Steven Universe is one of those shows that I have a ton of unemployed 30 years old telling to me watch. What’s weird about a cartoon series being recommended by adults rather than small children is lost on so much of the modern world. It’s a mix of age and personal experience, but I don’t totally trust a cartoon if it doesn’t have the kid factor. Either kids love it or they sneak around their parents to watch it. I’ve had kids fall over themselves to talk about how much they love like things like Adventure Time or Infinity Train. I’ve yet to have a single kid bring up Steven Universe.
The Crystal Gems are the Earth bound survivors of an alien plot to sterilize the Earth. Now, they visit destroyed cities and other places while meeting monstrous Gems. These Gems were exposed to weapons that ruin their ability to stay rational. After three hours, I was curious by what Steven Universe was saying on a sub-textual level.

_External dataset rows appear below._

(* On the algebra $\mathcal O^\star(\mathbb C^\times)$ of analytic functionals on $\mathbb C^\times=\mathbb C\setminus\{0\}$ (with convolution), the seminorms $\|\alpha\|_N=\sum_{|n|\le N}|\alpha_n|$, $N\in\mathbb N$, are continuous and submultiplicative, and they form a fundamental system among all continuous submultiplicative seminorms: for every continuous submultiplicative seminorm $p$ on $\mathcal O^\star(\mathbb C^\times)$ there exist $N\in\mathbb N$ and $M>0$ with $p(\alpha)\le M\|\alpha\|_N$ for all $\alpha$.
   Context: $\mathcal O(\mathbb C^\times)$: holomorphic functions on $\mathbb C^\times$ with topology of uniform convergence on compacts; $\mathcal O^\star(\mathbb C^\times)$: its dual with topology of uniform convergence on compact subsets of $\mathcal O(\mathbb C^\times)$. For $\alpha\in\mathcal O^\star(\mathbb C^\times)$ and $n\in\mathbb Z$, $\alpha_n=\alpha(z^n)$ where $z^n(x)=x^n$. Convolution with respect to the multiplicative group: $(\alpha*\beta)(u)=\alpha(s\mapsto\beta(t\mapsto u(st)))$; in coefficients $(\alpha*\beta)_n=\alpha_n\beta_n$. *)

theory Defs
  imports "HOL-Analysis.Analysis"
begin

text \<open>The space O(C^x) of holomorphic functions on C minus 0 (values at 0 are irrelevant).\<close>
definition OC :: "(complex \<Rightarrow> complex) set" where
  "OC = {f. f holomorphic_on (- {0})}"

definition OC_top :: "(complex \<Rightarrow> complex) topology" where
  "OC_top = topology (\<lambda>U. U \<subseteq> OC \<and>
     (\<forall>f\<in>U. \<exists>K e. compact K \<and> K \<subseteq> - {0} \<and> e > 0 \<and>
        {g\<in>OC. \<forall>z\<in>K. cmod (g z - f z) \<le> e} \<subseteq> U))"

text \<open>The dual O*(C^x): continuous linear functionals on OC, normalised to be 0 off OC.\<close>
definition OCdual :: "((complex \<Rightarrow> complex) \<Rightarrow> complex) set" where
  "OCdual = {\<alpha>. (\<forall>f\<in>OC. \<forall>g\<in>OC. \<alpha> (\<lambda>x. f x + g x) = \<alpha> f + \<alpha> g)
      \<and> (\<forall>c. \<forall>f\<in>OC. \<alpha> (\<lambda>x. c * f x) = c * \<alpha> f)
      \<and> continuous_map OC_top euclidean \<alpha>
      \<and> (\<forall>f. f \<notin> OC \<longrightarrow> \<alpha> f = 0)}"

Young Steven is a chubby little boy that lives with the Gems and his doofy Bill Dauterive style father. They are secondary characters as opposed to the glory of the Gems. Steven only becomes a primary hero when he starts engaging in Gem style behavior. After all, his mother was a Gem alien that was important to the predominantly female Gem aliens that control his life.
Throughout the five seasons of the show, Steven learns more and more about his alien heritage. This eventually leads to an ideology battle, as the typical tropes that plague a saga play out. There’s nothing bad about that, but it leads my mind to wander. I was at the start of Season 2 when I spotted that one of the Gems was Deedee from the Mickey Mouse Club. That’s when my brain kept returning to my initial point.
What about Steven Universe is appealing to kids? I get why adults dig it, but is there anything here for kids? I can see NB and related teens digging the show, but for a major program on Cartoon Network, I’m failing to see how Steven Universe might track for them. As cosmic odysseys expand throughout the later seasons, it smacks me in the face.
Steven Universe is dealing literally drawing out all the worst parts of Adventure Time
Steven Universe offers nothing new. But, it appeals as something new to an audience that needs something special. That being said, when you’re presenting such a story on a wider network, don’t be surprised when people tune out. I know several little kids that dig Adventure Time, but tuned right the hell out when it got lore heavy. So, I took time to ask my kid reader panel some questions about what they do and don’t enjoy about shows like this.
Seriously, it’s why it can take me forever to get things done. But, when I get a hunch…I follow it through.
The AndersonVision rant about Steven Universe
So many kids shows in the last 10 years can’t wait to grow up and tackle adult topics. It’s not a bad thing, but it carries baggage with the decision. Steven Universe creator Rebecca Sugar was an alum of Adventure Time and a lot of the Cartoon Network New Guard can trace similar roots to this setup. If it worked once, why not keep trying it again?
Infinity Train, We Bare Bears, Steven Universe and Over the Garden Wall all bares these marks to some extent. You can tell a really great animated story for teens and adults, but what about kids. The easy thought is that kids will watch whatever the older ones enjoy, but is that necessarily true?
Steven Universe is an enjoyable show, I just felt during this complete series binge that it kept beating around the bush and never talking about what it wanted to talk about. If you want to talk about teens going through the formation of their sexual identities, then so be it. Just quit dancing around it for so long.
In a way, Steven Universe feels like two years of setup, two years of saying what they wanted and then a final year putting a bow on it. Hell, they needed that bonus series to wrap up the points that Season 5 couldn’t quit pin down. It’s messy, but it’s also TV thinking for a kid show.
The Steven Universe DVD breakdown
Warner Brothers / Cartoon Network brings the complete series of Steven Universe to DVD with a fantastic package. You get Steven Universe Future, the movie and all the bonus features from the past releases. Plus, you get sing-along modes, mini-sodes and the original pilot. If that wasn’t enough, you also get the music videos.
The A/V Quality is typical for recent standard definition. Still, I believe that 1080p releases should be the default and not the exception for releases. Shame on WB for skimping on a show that is driven by its visuals. If you’re a fan, check it out.